lemma coeff_jensen_J_rescaled:
  assumes "\<alpha> n > 0" "\<delta> > 0"
  shows "coeff (smult (inverse (\<delta> ^ d) / \<alpha> n)
      (pcompose (jensen_J \<alpha> d n) [: -1 / exp A, \<delta> / exp A :])) i
    = \<delta> ^ i / \<delta> ^ d * (\<Sum>j\<le>d. (real (d choose j) * real (j choose i) * (-1) ^ (j - i))
        * (\<alpha> (n + j) / \<alpha> n / exp A ^ j))"
proof -
  have "coeff (smult (inverse (\<delta> ^ d) / \<alpha> n)
      (pcompose (jensen_J \<alpha> d n) [: -1 / exp A, \<delta> / exp A :])) i
    = (\<Sum>j\<le>d. inverse (\<delta> ^ d) / \<alpha> n * (real (d choose j) * \<alpha> (n + j)
        * (real (j choose i) * (\<delta> / exp A) ^ i * (-1 / exp A) ^ (j - i))))"
    by (simp add: jensen_J_def pcompose_sum pcompose_monom coeff_sum coeff_linear_poly_power'
        sum_distrib_left)
  also have "\<dots> = (\<Sum>j\<le>d. \<delta> ^ i / \<delta> ^ d * ((real (d choose j) * real (j choose i) * (-1) ^ (j - i))
        * (\<alpha> (n + j) / \<alpha> n / exp A ^ j)))"
  proof (intro sum.cong refl)
    fix j
    show "inverse (\<delta> ^ d) / \<alpha> n * (real (d choose j) * \<alpha> (n + j)
        * (real (j choose i) * (\<delta> / exp A) ^ i * (-1 / exp A) ^ (j - i)))
      = \<delta> ^ i / \<delta> ^ d * ((real (d choose j) * real (j choose i) * (-1) ^ (j - i))
        * (\<alpha> (n + j) / \<alpha> n / exp A ^ j))"
    proof (cases "i \<le> j")
      case True
      have "exp A ^ j = exp A ^ i * exp A ^ (j - i)" using True by (simp flip: power_add)
      then have rearranged: "real (j choose i) * (\<delta> / exp A) ^ i * (-1 / exp A) ^ (j - i)
          = real (j choose i) * (\<delta> ^ i * (-1) ^ (j - i) / exp A ^ j)"
        unfolding power_divide by simp
      show ?thesis unfolding rearranged using assms by (simp add: field_simps)
    qed (simp add: not_le binomial_eq_0)
  qed
  finally show ?thesis by (simp add: sum_distrib_left)
qed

## Work instructions
From the entries above, copy every line containing the word "unfolding".

## Exercise response
        unfolding power_divide by simp
      show ?thesis unfolding rearranged using assms by (simp add: field_simps)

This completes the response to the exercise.